To reveal the relationship between polymorphisms of the MyD88 gene and disease resistance, we conducted a Mendelian population-based case-control study in chicken [33]. The OR and 95% confidence interval are used to determine the resistance or susceptibility to Pullorum infection. The OR value less than 1 means resistance effect, while value greater than 1 means susceptibility effect [34]. At the same time, the P values determine the significance of its association. SNP1 alleles distribution, of the lowest OR value (OR = 0.6752), made significant differences in case and control samples (P < 0.05). The genotypes distribution of SNP3 and SNP1 revealed significant differences in case and control samples (P < 0.05). Results indicated that polymorphisms of the MyD88 gene and susceptibility to Pullorum infection have significant correlation.

In the study of the multiple loci in linkage disequilibrium (LD) and the correlation of disease, the correlation of haploid types is more effective than a single locus analysis [35]. Many phenotypic traits are often the result of the interaction between multiple loci, especially in a haploid type block, and caused by interaction among a set of mutations in a certain area of the chromosome [36, 37]. In the correlation analysis of haploid type, the first thing is to determine the strength of LD (D′) and type in the group. LD exists widely in the family of chicken population in this study. The results showed that the SNPs among block 1 and block 2 groups were in strong linkage disequilibrium state (r 2 > 0.33, |D′ | > 0.8). Containing the analysis results of SNP1 loci, difference between haploid type composed by SNP1, SNP3, and SNP4 loci and resistance to disease was very significant. The result showed that the analysis of haploid types had better statistical effect (P < 0.01). Effects between SNPs loci in haploid type set canceled each other out on account of interactive effects of genes, leading to no significant difference between SNP5, SNP6, SNP7, and SNP8 loci haploid type and disease resistance.
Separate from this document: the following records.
section \<open>The pathwise argument\<close>

lemma bounded_above_by_dominated_increments:
  fixes z y :: "nat \<Rightarrow> real" and a c K :: real
  assumes step: "\<And>k. a \<le> z k \<Longrightarrow> z (Suc k) - z k \<le> y k"
    and sums_bounded: "\<And>n. \<bar>\<Sum>k<n. y k\<bar> \<le> K"
    and overshoot: "\<forall>\<^sub>F k in sequentially. z k < a \<and> a < z (Suc k) \<longrightarrow> z (Suc k) \<le> a + c"
    and "0 \<le> c"
  shows "limsup (\<lambda>n. ereal (z n)) < \<infinity>"
proof -
  define s where "s n = (\<Sum>k<n. y k)" for n
  obtain N where N: "\<And>k. N \<le> k \<Longrightarrow> z k < a \<and> a < z (Suc k) \<longrightarrow> z (Suc k) \<le> a + c"
    using overshoot unfolding eventually_sequentially by auto
  define B where "B = max (a + c) (Max (z ` {..N}))"
  have early: "k \<le> N \<Longrightarrow> z k \<le> B" for k
    unfolding B_def by (intro max.coboundedI2 Max_ge) auto
  text \<open>Above \<open>a\<close>, \<open>z n\<close> exceeds \<open>B\<close> by at most the growth of \<open>s\<close> since the last entrance.\<close>
  have above: "a \<le> z n \<Longrightarrow> \<exists>m\<le>n. z n \<le> B + s n - s m" for n
  proof (induction n)
    case 0 then show ?case using early[of 0] by auto
  next
    case (Suc n)
    consider "Suc n \<le> N" | "N \<le> n" "z n < a" | "a \<le> z n" by linarith
    then show ?case
    proof cases
      case 1 then show ?thesis using early[of "Suc n"] by (intro exI[of _ "Suc n"]) auto
    next
      case 2
      then have "z (Suc n) \<le> a + c" using N[of n] \<open>0 \<le> c\<close> by fastforce
      then show ?thesis unfolding B_def by (intro exI[of _ "Suc n"]) auto
    next
      case 3
      then obtain m where "m \<le> n" "z n \<le> B + s n - s m" using Suc.IH by auto
      moreover have "z (Suc n) - z n \<le> s (Suc n) - s n" using step[OF 3] by (simp add: s_def)
      ultimately show ?thesis by (intro exI[of _ m]) auto
    qed
  qed
  define U where "U = max a (B + 2 * K)"
  have "z n \<le> U" for n
  proof (cases "a \<le> z n")
    case True
    then obtain m where "z n \<le> B + s n - s m" using above by auto
    moreover have "s n - s m \<le> 2 * K" using sums_bounded[of n] sums_bounded[of m] by (auto simp: s_def)
    ultimately show ?thesis by (auto simp: U_def)
  qed (auto simp: U_def)
  then have "limsup (\<lambda>n. ereal (z n)) \<le> ereal U"
    by (intro Limsup_bounded always_eventually allI) simp
  then show ?thesis by (rule le_less_trans) simp
qed

lemma eventually_overshoot_le:
  fixes \<xi> :: "nat \<Rightarrow> 'w \<Rightarrow> real"
  assumes "limsup (\<lambda>k. ereal (indicator {z. \<xi> k z < a \<and> a < \<xi> (Suc k) z} x
      * (\<xi> (Suc k) x - a))) \<le> ereal b"
  shows "\<forall>\<^sub>F k in sequentially. \<xi> k x < a \<and> a < \<xi> (Suc k) x \<longrightarrow> \<xi> (Suc k) x \<le> a + (b + 1)"
proof -
  have "limsup (\<lambda>k. ereal (indicator {z. \<xi> k z < a \<and> a < \<xi> (Suc k) z} x
      * (\<xi> (Suc k) x - a))) < ereal (b + 1)"
    using assms by (rule le_less_trans) simp
  from Limsup_lessD[OF this] show ?thesis
    by eventually_elim (auto simp: indicator_def)
qed

theorem mainTheorem3:
  fixes M :: "'w measure" and F :: "nat \<Rightarrow> 'w measure"
    and \<xi> :: "nat \<Rightarrow> 'w \<Rightarrow> real" and a b :: real
  assumes prob: "prob_space M"
    and subalg: "\<And>n. subalgebra M (F n)"
    and filt_mono: "\<And>m n. m \<le> n \<Longrightarrow> sets (F m) \<subseteq> sets (F n)"
    and adapted: "\<And>n. \<xi> n \<in> borel_measurable (F n)"
    and b_pos: "b > 0"
    and cond1: "\<And>k. AE x in M. real_cond_exp M (F k)
        (\<lambda>y. (\<xi> (Suc k) y - \<xi> k y) * indicator {z. \<xi> k z \<ge> a} y) x \<le> 0"
    and cond2: "AE x in M. limsup (\<lambda>k. ereal (indicator {z. \<xi> k z < a \<and> a < \<xi> (Suc k) z} x
        * (\<xi> (Suc k) x - a))) \<le> ereal b"
    and cond3: "(\<Sum>k. \<integral>\<^sup>+ x. ennreal ((\<xi> (Suc k) x - \<xi> k x)\<^sup>2 * indicator {z. \<xi> k z \<ge> a} x) \<partial>M) < \<infinity>"
  shows "AE x in M. limsup (\<lambda>n. ereal (\<xi> n x)) < \<infinity>"
proof -
  interpret filtered_prob_space M F
    using prob subalg filt_mono by (intro filtered_prob_space.intro filtered_prob_space_axioms.intro)
  define D where "D = (\<lambda>k y. (\<xi> (Suc k) y - \<xi> k y) * indicator {z. \<xi> k z \<ge> a} y)"
  define C where "C k = real_cond_exp M (F k) (D k)" for k
  have D_adapted: "D k \<in> borel_measurable (F (Suc k))" for k
    using adapted measurable_F_mono[OF le_SucI adapted] unfolding D_def by measurable
  have "(D k x)\<^sup>2 = (\<xi> (Suc k) x - \<xi> k x)\<^sup>2 * indicator {z. \<xi> k z \<ge> a} x" for k x
    by (simp add: D_def indicator_def)
  then have "(\<Sum>k. \<integral>\<^sup>+ x. ennreal ((D k x)\<^sup>2) \<partial>M) < \<infinity>"
    using cond3 by simp
  from AE_bounded_martingale_part[OF D_adapted this]
  have bounded: "AE x in M. \<exists>K. \<forall>n. \<bar>\<Sum>k<n. D k x - C k x\<bar> \<le> K"
    by (simp only: C_def)
  have nonpos: "AE x in M. \<forall>k. C k x \<le> 0"
    using cond1 by (simp add: C_def D_def AE_all_countable)
  from cond2 bounded nonpos show ?thesis
  proof eventually_elim
    case (elim x)
    then obtain K where K: "\<And>n. \<bar>\<Sum>k<n. D k x - C k x\<bar> \<le> K" by auto
    have step: "a \<le> \<xi> k x \<Longrightarrow> \<xi> (Suc k) x - \<xi> k x \<le> D k x - C k x" for k
      using elim(3) by (auto simp: D_def)
    have "0 \<le> b + 1" using b_pos by linarith
    with step K eventually_overshoot_le[OF elim(1)] show ?case
      by (rule bounded_above_by_dominated_increments)
  qed
qed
In conclusion, after comparison and analysis of the genetic variation of MyD88 gene, we found that the novel mutation G4810372T may have an effect on the individual immune. But further functional studies are necessary to evaluate the molecular mechanism caused by polymorphisms of the MyD88 gene. The correlation analysis of polymorphisms of the MyD88 gene and susceptibility of Salmonella Pullorum in chicken showed that, in each mutation, alleles in SNP1 locus and genotypes of SNP1 and SNP3 had a significant effect against salmonella. What is more, the advantaged haploid type (TTC) combined by SNP1, SNP3, and SNP4 loci played a very significant role in genetic resistance to Salmonella Pullorum infection. Polymorphisms of the MyD88 gene or advantaged haploid type in a particular area had a certain positive effect against susceptibility to Pullorum infection. From the above, the MyD88 gene can be used as a candidate gene for follow-up study, which could provide a theoretical reference for poultry marker-assisted selection.